WORK ITEM: Would you copy each line of the records that includes the word "finite"?

»»

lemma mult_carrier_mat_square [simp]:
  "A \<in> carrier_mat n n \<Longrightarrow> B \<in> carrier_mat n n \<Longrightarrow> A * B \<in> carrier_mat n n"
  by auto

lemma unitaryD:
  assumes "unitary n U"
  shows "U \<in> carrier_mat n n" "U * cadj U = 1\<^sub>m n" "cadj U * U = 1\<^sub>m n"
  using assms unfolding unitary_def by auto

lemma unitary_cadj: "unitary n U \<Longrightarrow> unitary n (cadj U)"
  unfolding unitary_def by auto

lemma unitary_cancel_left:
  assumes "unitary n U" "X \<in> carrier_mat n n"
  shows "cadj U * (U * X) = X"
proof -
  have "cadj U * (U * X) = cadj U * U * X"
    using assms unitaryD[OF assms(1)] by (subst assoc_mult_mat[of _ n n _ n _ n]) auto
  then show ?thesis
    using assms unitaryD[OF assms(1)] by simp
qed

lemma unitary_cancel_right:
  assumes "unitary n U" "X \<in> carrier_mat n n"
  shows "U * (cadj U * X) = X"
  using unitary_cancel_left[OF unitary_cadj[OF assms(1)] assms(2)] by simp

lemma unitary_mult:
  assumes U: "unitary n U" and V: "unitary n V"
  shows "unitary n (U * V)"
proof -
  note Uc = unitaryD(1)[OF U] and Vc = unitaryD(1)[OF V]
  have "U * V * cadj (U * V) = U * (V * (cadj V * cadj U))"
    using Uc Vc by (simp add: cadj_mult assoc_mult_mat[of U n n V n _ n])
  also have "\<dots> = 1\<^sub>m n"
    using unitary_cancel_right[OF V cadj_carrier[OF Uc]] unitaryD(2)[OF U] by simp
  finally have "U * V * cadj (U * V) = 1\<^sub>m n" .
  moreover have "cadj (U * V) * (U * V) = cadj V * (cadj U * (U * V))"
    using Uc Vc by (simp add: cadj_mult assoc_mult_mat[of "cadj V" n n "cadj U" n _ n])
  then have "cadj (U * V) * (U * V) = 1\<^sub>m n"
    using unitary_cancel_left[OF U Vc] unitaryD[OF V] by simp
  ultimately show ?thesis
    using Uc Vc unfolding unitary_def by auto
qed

««
»»

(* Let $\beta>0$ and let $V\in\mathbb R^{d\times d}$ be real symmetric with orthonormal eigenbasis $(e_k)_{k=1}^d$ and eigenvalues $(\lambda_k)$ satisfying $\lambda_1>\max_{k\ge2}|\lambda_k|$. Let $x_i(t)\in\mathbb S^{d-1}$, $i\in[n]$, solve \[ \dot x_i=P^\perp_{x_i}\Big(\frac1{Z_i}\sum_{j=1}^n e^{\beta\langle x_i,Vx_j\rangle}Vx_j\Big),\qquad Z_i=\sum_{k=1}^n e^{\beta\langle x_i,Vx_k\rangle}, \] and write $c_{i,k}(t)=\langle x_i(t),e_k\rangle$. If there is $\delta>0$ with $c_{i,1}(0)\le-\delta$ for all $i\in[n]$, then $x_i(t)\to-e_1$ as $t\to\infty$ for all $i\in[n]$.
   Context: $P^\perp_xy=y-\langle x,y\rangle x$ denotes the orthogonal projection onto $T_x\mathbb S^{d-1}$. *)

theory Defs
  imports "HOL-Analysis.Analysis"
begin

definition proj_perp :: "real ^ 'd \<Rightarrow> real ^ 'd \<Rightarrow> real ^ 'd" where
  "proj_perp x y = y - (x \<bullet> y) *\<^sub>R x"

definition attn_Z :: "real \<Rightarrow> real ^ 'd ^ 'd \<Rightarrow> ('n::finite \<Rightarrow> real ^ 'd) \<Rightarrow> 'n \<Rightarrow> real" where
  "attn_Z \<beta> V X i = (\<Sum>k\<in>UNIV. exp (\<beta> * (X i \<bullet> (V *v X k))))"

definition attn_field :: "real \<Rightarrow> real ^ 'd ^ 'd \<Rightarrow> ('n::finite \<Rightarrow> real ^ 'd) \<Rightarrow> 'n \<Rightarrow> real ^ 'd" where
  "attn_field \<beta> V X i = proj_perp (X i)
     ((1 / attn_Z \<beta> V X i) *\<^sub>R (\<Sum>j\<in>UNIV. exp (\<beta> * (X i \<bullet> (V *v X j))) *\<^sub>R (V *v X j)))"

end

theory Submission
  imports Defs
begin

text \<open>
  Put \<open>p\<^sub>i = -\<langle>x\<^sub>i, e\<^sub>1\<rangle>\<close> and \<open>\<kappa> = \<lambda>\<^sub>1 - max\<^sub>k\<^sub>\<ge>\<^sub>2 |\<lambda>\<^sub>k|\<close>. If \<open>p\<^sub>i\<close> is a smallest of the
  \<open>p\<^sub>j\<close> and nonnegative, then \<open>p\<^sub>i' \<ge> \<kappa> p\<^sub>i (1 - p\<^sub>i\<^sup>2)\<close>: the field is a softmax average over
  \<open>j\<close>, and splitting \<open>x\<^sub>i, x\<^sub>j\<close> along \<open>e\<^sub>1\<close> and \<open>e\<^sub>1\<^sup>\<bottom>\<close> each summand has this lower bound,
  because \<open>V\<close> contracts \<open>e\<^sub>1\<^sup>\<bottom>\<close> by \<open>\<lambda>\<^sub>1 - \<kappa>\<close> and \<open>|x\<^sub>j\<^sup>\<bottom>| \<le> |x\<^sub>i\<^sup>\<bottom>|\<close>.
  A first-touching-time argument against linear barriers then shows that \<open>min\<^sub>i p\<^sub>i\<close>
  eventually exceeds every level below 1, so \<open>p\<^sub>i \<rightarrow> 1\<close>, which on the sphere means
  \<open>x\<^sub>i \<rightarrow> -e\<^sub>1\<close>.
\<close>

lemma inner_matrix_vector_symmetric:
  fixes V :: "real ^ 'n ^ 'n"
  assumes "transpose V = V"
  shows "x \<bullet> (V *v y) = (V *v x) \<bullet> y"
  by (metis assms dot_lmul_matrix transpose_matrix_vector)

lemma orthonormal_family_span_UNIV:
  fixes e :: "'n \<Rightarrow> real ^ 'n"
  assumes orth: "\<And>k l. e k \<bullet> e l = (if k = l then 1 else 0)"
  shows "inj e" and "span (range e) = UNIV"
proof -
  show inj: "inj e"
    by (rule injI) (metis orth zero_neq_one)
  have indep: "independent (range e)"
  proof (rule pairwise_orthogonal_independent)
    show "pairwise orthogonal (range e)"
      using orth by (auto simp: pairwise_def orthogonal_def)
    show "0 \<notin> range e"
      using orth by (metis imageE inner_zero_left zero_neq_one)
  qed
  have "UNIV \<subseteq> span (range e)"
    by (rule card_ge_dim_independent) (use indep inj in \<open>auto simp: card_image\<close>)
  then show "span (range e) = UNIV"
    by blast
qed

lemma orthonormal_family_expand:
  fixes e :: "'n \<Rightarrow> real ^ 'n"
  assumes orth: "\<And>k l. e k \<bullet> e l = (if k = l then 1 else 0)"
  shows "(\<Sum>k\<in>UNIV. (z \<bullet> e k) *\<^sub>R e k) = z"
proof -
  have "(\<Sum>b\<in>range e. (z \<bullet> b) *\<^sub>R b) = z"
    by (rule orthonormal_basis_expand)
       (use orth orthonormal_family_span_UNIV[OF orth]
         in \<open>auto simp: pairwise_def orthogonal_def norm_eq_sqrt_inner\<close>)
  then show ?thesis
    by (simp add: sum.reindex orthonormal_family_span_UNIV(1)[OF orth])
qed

««

SOLVED PROBLEM:
definition attn_Z :: "real \<Rightarrow> real ^ 'd ^ 'd \<Rightarrow> ('n::finite \<Rightarrow> real ^ 'd) \<Rightarrow> 'n \<Rightarrow> real" where
definition attn_field :: "real \<Rightarrow> real ^ 'd ^ 'd \<Rightarrow> ('n::finite \<Rightarrow> real ^ 'd) \<Rightarrow> 'n \<Rightarrow> real ^ 'd" where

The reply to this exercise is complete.